# WHAT TO WORK ON:
Retype, exactly as they appear below, the lines between the line holding "by (simp add: alt_diff_def algebra_simps sum_distrib_left)" and the line holding "by (simp only: of_nat_mult", both ends included.

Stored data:
□ □ □ □ □

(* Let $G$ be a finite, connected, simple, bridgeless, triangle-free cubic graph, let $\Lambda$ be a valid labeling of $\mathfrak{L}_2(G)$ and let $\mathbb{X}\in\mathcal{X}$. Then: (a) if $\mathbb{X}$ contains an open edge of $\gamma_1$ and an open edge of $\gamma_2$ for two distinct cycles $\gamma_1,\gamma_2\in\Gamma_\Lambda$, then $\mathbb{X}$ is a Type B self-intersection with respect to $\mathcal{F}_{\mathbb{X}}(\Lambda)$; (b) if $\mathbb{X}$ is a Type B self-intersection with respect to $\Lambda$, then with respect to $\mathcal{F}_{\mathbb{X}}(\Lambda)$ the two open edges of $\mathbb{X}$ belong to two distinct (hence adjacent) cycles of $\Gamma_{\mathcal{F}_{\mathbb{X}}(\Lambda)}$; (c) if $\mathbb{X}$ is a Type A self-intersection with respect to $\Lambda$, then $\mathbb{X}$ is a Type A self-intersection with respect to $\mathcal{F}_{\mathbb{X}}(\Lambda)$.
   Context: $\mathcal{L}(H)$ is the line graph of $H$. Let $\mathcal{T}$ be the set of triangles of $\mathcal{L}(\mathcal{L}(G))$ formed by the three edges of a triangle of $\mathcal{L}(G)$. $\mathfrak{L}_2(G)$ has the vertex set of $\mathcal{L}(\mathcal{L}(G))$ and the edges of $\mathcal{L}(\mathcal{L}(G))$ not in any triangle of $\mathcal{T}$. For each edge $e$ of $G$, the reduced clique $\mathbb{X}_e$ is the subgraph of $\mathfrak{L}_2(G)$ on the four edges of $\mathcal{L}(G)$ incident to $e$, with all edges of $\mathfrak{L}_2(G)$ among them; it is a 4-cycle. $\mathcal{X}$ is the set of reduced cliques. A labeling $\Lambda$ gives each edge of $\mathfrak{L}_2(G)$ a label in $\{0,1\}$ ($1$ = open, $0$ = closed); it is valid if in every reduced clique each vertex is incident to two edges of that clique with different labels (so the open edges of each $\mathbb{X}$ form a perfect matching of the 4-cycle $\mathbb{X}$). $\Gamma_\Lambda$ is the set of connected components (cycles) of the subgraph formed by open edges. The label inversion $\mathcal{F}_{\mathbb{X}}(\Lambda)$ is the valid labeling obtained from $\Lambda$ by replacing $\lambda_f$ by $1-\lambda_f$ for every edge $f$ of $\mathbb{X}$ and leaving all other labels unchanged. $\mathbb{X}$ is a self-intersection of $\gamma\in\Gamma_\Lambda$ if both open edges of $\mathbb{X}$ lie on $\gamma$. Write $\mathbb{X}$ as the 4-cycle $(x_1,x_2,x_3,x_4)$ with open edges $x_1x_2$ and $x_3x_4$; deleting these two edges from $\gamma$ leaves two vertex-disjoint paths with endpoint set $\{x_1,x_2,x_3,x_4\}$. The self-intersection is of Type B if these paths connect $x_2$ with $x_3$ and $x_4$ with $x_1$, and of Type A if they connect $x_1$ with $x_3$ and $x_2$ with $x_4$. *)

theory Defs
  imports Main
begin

□ □ □ □ □

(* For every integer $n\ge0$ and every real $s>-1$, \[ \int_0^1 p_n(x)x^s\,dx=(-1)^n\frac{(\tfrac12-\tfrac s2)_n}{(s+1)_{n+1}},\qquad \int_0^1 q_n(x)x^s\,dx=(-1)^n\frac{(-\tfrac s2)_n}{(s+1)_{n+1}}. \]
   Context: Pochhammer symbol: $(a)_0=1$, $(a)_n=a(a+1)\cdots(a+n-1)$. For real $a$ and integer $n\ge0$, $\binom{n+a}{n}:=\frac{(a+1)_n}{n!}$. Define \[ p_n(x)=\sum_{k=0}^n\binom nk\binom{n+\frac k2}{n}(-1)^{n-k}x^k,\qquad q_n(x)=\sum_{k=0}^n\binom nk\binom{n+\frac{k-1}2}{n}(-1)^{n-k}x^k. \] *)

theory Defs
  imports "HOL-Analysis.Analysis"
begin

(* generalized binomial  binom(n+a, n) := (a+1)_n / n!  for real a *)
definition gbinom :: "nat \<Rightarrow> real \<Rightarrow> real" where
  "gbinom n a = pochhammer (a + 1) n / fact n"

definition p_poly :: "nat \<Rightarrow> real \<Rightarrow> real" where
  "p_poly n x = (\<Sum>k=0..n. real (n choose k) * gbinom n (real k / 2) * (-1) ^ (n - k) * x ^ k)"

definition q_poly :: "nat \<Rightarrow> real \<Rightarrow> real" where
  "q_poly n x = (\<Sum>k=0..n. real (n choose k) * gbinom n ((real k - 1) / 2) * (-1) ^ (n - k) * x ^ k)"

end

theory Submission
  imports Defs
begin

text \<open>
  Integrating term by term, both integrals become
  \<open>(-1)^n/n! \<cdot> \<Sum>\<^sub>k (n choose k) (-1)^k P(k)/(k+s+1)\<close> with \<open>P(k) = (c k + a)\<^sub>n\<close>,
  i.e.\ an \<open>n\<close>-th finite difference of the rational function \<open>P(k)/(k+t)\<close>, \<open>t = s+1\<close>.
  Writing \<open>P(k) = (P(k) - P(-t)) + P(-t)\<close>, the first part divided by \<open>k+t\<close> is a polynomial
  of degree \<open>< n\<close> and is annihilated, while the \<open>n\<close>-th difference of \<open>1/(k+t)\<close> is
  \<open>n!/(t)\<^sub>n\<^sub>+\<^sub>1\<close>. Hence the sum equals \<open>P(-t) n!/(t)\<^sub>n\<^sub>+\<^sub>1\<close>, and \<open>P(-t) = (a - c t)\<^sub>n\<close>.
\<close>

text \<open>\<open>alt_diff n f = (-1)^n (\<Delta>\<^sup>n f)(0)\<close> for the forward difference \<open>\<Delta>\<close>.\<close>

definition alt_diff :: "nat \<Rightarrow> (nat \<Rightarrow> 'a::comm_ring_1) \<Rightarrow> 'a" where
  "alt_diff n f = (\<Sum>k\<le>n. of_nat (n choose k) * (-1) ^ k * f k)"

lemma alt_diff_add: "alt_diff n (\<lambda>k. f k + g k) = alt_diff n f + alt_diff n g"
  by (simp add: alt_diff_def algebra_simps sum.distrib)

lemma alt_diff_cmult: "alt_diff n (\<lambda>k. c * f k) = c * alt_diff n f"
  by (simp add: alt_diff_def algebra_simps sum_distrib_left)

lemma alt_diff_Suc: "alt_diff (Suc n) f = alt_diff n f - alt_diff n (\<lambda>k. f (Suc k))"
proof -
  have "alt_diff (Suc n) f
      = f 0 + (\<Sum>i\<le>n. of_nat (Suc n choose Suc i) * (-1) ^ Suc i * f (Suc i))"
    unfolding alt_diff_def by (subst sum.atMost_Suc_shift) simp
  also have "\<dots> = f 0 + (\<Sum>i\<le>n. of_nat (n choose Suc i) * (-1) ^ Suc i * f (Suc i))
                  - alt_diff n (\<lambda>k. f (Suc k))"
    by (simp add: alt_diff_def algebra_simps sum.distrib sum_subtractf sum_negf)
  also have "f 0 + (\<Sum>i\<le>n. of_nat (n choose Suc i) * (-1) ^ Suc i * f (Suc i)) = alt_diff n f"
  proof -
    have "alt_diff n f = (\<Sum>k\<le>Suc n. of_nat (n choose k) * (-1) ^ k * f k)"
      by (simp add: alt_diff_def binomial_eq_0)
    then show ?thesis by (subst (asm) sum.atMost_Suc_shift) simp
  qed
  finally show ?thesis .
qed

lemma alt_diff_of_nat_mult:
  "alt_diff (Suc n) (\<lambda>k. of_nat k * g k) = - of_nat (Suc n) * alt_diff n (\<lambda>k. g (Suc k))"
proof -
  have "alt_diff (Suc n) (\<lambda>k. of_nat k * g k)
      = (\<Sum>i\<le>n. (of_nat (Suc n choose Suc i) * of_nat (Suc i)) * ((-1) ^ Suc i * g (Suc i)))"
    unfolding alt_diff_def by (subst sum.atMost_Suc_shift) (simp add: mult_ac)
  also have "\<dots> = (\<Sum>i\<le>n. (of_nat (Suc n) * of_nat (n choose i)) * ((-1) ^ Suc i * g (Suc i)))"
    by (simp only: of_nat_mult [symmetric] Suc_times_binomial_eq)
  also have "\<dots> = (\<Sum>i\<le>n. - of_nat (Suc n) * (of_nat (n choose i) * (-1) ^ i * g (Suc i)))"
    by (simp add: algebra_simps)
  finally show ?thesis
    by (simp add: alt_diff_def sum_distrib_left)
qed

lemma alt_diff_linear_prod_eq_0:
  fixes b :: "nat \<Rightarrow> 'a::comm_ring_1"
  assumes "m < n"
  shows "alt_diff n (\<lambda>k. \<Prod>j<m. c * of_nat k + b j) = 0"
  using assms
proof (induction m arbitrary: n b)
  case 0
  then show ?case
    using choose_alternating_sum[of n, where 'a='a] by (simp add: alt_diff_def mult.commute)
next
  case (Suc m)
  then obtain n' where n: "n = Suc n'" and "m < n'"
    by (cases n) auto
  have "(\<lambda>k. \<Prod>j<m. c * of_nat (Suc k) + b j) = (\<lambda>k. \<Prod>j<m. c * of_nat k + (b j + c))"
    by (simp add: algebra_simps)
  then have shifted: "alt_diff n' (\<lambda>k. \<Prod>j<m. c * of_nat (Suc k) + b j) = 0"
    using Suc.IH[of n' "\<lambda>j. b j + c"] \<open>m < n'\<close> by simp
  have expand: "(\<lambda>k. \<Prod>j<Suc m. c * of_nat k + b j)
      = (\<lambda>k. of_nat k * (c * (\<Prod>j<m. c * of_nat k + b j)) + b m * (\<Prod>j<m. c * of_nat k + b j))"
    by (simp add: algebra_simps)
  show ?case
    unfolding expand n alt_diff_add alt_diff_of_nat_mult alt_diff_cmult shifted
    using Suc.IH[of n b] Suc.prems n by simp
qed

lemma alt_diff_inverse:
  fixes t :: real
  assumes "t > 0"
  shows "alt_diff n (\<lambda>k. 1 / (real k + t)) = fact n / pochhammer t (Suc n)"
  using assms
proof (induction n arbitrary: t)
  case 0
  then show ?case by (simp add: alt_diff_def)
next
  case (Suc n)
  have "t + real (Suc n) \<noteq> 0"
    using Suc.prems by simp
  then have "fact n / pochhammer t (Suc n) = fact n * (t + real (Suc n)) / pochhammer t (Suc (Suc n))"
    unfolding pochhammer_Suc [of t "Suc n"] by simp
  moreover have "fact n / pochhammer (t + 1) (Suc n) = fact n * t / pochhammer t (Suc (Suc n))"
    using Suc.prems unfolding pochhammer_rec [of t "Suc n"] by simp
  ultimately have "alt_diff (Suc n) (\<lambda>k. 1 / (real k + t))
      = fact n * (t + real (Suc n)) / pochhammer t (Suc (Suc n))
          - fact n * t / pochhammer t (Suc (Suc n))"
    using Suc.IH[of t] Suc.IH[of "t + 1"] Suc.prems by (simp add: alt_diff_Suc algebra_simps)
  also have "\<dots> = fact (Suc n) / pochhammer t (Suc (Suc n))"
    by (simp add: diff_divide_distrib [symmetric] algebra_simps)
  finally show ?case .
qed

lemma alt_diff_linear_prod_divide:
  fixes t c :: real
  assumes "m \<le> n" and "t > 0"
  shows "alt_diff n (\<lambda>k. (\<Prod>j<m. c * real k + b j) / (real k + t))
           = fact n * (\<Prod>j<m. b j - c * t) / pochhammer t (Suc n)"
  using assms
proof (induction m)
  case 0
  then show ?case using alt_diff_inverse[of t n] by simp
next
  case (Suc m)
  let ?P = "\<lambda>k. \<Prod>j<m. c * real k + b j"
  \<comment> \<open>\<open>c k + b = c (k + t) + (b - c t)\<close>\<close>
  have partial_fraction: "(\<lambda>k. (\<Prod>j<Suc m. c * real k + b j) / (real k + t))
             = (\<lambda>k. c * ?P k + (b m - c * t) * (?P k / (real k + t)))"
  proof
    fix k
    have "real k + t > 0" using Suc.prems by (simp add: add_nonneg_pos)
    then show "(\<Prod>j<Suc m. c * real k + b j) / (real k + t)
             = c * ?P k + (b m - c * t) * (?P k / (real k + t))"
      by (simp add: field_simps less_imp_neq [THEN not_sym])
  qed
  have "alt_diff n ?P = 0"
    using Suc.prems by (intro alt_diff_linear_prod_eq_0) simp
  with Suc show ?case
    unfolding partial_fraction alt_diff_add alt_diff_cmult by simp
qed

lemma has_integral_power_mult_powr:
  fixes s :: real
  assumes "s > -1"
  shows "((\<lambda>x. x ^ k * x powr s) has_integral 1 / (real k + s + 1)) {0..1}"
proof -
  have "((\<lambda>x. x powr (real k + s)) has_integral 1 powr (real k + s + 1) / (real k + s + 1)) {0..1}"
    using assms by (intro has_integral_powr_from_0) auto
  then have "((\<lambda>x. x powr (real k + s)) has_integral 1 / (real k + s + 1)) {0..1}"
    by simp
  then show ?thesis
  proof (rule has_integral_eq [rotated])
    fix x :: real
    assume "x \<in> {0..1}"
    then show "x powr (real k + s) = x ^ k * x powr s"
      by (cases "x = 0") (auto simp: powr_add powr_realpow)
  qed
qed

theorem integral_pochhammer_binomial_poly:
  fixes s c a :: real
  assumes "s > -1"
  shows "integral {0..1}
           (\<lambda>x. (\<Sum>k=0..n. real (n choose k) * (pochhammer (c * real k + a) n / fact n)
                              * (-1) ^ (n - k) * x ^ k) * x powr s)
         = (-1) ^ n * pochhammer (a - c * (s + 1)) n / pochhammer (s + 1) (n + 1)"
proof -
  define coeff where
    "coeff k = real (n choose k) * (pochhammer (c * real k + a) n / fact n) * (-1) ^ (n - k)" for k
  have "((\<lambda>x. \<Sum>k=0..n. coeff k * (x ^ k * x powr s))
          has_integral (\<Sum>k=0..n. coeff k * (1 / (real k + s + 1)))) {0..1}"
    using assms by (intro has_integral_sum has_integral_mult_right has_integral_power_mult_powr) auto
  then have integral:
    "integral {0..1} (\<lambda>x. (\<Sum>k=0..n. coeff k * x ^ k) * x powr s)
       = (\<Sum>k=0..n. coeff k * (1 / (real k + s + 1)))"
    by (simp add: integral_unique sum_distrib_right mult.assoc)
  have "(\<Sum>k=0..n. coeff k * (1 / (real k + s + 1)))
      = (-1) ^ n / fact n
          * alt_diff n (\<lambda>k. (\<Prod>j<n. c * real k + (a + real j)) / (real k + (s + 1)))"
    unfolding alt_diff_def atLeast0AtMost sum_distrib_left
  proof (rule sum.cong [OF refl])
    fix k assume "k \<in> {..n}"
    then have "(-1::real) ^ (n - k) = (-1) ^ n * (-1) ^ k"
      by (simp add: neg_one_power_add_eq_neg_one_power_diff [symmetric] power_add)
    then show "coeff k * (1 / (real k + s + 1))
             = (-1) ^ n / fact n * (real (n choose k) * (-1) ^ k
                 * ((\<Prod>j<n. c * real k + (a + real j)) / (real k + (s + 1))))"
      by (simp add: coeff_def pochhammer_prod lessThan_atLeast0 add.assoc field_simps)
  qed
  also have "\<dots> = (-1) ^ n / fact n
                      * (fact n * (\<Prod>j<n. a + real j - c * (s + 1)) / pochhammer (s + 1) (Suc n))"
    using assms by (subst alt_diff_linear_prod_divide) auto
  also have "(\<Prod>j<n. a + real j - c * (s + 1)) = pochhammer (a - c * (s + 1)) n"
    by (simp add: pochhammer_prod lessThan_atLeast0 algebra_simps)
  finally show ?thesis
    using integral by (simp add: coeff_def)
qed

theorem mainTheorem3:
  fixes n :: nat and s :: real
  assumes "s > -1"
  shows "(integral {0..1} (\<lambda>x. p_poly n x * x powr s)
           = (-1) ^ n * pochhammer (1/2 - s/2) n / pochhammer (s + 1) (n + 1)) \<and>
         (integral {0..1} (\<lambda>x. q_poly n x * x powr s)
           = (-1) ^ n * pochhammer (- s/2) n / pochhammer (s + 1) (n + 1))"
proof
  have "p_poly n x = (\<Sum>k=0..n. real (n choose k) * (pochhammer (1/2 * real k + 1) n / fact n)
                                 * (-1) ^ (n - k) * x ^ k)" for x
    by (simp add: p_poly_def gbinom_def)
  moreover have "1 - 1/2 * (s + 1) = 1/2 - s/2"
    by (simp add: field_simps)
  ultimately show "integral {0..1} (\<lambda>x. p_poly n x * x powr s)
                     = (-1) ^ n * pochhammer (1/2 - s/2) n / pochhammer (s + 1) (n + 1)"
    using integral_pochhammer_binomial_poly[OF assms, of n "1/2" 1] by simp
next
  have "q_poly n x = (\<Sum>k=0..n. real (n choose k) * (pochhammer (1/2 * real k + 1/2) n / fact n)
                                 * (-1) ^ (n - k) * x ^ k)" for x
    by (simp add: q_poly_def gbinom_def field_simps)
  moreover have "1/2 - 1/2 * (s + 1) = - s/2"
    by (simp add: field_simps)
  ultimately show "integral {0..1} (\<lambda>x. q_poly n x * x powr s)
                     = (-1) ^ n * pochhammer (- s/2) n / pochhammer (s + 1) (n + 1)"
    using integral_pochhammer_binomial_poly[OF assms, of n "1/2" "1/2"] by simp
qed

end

□ □ □ □ □

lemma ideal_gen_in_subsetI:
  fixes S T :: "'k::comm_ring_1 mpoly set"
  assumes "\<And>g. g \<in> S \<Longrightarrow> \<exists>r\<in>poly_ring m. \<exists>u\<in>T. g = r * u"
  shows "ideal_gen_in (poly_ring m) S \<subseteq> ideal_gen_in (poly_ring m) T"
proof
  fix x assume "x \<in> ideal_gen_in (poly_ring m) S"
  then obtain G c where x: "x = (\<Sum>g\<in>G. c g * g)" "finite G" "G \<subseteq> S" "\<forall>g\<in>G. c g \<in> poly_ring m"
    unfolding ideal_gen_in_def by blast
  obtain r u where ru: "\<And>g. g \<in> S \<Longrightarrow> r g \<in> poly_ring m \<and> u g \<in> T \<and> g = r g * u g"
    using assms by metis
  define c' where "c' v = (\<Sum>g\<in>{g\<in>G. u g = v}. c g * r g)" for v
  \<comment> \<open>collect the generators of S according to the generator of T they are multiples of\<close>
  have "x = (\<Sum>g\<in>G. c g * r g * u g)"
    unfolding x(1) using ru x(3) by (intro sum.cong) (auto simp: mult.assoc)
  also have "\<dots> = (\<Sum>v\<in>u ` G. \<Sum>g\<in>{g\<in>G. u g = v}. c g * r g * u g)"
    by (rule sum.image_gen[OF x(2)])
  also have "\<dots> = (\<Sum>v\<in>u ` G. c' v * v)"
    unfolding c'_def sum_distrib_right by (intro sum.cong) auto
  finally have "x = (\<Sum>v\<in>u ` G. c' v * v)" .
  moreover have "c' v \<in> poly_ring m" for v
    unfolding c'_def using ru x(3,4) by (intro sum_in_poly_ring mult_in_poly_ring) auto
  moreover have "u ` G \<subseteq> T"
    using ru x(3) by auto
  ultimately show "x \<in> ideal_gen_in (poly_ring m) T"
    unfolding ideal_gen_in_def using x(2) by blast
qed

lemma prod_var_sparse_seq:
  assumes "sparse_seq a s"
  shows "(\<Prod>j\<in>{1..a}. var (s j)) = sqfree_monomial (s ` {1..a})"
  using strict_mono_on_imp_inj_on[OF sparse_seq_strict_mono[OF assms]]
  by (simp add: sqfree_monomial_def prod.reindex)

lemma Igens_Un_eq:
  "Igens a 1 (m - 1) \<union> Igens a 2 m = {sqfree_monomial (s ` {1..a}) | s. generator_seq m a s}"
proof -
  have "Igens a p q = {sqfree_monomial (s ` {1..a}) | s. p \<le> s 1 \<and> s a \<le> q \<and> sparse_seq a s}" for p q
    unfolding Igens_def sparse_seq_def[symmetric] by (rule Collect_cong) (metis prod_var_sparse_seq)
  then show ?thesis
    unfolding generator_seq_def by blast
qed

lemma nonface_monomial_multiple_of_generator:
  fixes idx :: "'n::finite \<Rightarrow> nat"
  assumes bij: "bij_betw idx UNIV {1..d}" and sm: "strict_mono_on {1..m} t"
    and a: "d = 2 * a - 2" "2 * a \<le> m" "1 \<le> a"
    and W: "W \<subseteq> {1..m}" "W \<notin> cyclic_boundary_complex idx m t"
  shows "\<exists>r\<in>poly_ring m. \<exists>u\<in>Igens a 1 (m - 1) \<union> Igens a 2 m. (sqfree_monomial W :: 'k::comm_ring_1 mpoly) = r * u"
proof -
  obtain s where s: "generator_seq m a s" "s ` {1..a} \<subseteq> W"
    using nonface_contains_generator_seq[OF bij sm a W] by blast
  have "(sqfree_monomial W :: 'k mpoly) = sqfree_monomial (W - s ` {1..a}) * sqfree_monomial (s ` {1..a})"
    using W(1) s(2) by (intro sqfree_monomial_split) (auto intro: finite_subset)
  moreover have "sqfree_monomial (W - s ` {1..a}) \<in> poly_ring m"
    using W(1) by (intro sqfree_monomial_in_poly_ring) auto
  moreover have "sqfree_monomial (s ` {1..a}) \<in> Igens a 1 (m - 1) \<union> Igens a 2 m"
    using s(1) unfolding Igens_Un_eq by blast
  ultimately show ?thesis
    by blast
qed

□ □ □ □ □

# EXERCISE OUTPUT:
  by (simp add: alt_diff_def algebra_simps sum_distrib_left)

lemma alt_diff_Suc: "alt_diff (Suc n) f = alt_diff n f - alt_diff n (\<lambda>k. f (Suc k))"
proof -
  have "alt_diff (Suc n) f
      = f 0 + (\<Sum>i\<le>n. of_nat (Suc n choose Suc i) * (-1) ^ Suc i * f (Suc i))"
    unfolding alt_diff_def by (subst sum.atMost_Suc_shift) simp
  also have "\<dots> = f 0 + (\<Sum>i\<le>n. of_nat (n choose Suc i) * (-1) ^ Suc i * f (Suc i))
                  - alt_diff n (\<lambda>k. f (Suc k))"
    by (simp add: alt_diff_def algebra_simps sum.distrib sum_subtractf sum_negf)
  also have "f 0 + (\<Sum>i\<le>n. of_nat (n choose Suc i) * (-1) ^ Suc i * f (Suc i)) = alt_diff n f"
  proof -
    have "alt_diff n f = (\<Sum>k\<le>Suc n. of_nat (n choose k) * (-1) ^ k * f k)"
      by (simp add: alt_diff_def binomial_eq_0)
    then show ?thesis by (subst (asm) sum.atMost_Suc_shift) simp
  qed
  finally show ?thesis .
qed

lemma alt_diff_of_nat_mult:
  "alt_diff (Suc n) (\<lambda>k. of_nat k * g k) = - of_nat (Suc n) * alt_diff n (\<lambda>k. g (Suc k))"
proof -
  have "alt_diff (Suc n) (\<lambda>k. of_nat k * g k)
      = (\<Sum>i\<le>n. (of_nat (Suc n choose Suc i) * of_nat (Suc i)) * ((-1) ^ Suc i * g (Suc i)))"
    unfolding alt_diff_def by (subst sum.atMost_Suc_shift) (simp add: mult_ac)
  also have "\<dots> = (\<Sum>i\<le>n. (of_nat (Suc n) * of_nat (n choose i)) * ((-1) ^ Suc i * g (Suc i)))"
    by (simp only: of_nat_mult [symmetric] Suc_times_binomial_eq)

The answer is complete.